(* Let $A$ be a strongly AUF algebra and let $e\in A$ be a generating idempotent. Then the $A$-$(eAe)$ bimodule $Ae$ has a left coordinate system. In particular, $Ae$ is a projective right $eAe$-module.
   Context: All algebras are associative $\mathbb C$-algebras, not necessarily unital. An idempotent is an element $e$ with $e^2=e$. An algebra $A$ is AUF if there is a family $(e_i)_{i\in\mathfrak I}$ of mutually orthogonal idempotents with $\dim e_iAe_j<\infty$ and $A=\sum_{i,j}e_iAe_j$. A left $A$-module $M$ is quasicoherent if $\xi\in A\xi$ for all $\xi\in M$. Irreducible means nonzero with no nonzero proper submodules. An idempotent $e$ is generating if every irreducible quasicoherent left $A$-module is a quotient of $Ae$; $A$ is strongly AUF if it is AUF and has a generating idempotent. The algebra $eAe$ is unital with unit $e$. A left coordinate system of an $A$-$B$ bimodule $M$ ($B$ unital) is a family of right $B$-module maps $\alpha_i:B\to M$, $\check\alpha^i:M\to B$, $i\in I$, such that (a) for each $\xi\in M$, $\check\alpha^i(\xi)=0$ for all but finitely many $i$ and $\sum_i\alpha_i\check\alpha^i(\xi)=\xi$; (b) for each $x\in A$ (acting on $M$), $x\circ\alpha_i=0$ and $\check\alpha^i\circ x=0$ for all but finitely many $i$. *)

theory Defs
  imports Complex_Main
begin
--
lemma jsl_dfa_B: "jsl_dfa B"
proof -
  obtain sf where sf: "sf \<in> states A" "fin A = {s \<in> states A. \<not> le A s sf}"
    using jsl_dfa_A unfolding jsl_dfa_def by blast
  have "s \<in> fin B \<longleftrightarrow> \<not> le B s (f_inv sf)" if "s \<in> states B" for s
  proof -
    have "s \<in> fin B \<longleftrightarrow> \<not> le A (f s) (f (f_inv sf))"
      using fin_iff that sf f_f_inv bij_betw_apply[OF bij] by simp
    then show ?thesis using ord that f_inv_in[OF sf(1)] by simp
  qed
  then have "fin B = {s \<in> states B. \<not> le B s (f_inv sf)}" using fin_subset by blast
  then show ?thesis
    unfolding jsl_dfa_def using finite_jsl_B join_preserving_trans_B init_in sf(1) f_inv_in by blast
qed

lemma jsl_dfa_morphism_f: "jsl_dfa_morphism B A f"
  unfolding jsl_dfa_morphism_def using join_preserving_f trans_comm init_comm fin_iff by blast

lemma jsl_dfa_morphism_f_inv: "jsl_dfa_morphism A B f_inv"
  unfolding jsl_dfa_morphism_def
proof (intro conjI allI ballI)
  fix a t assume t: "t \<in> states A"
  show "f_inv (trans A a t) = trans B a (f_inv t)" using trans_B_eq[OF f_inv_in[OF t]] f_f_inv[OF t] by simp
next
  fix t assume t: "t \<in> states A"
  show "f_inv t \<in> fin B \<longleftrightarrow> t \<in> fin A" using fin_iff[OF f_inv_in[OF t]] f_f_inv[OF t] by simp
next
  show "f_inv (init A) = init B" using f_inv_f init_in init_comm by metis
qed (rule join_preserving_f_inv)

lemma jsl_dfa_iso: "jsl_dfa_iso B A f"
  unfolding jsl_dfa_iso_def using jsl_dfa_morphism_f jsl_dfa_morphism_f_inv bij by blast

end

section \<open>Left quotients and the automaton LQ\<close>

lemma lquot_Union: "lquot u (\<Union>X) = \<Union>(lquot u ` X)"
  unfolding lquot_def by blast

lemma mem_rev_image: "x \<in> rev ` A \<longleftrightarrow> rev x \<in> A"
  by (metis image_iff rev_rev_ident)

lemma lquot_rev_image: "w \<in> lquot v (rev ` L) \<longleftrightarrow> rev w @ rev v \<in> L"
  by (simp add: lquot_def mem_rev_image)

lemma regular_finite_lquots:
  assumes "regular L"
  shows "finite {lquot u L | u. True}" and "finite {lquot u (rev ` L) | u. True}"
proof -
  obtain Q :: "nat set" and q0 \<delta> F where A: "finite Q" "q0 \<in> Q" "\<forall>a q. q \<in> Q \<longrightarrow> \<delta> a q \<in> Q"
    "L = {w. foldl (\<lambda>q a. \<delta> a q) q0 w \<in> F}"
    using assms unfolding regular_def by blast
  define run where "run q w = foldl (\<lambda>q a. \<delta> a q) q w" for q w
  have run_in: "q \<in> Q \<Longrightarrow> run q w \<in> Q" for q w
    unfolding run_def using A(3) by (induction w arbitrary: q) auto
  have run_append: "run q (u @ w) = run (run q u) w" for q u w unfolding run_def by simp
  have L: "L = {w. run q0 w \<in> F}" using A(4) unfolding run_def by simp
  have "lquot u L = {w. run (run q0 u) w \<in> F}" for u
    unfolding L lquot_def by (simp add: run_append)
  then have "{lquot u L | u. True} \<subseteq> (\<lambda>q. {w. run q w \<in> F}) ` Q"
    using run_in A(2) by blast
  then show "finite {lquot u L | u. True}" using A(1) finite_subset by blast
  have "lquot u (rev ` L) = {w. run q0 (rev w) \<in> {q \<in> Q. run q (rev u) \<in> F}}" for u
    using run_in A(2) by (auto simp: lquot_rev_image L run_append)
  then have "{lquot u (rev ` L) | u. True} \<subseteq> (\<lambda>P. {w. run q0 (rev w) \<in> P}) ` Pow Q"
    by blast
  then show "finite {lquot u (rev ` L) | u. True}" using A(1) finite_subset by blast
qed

=== Exercise objective ===
Search the listing above for "obtain" and copy every line that has it.

=== Result of this task ===
  obtain sf where sf: "sf \<in> states A" "fin A = {s \<in> states A. \<not> le A s sf}"
  obtain Q :: "nat set" and q0 \<delta> F where A: "finite Q" "q0 \<in> Q" "\<forall>a q. q \<in> Q \<longrightarrow> \<delta> a q \<in> Q"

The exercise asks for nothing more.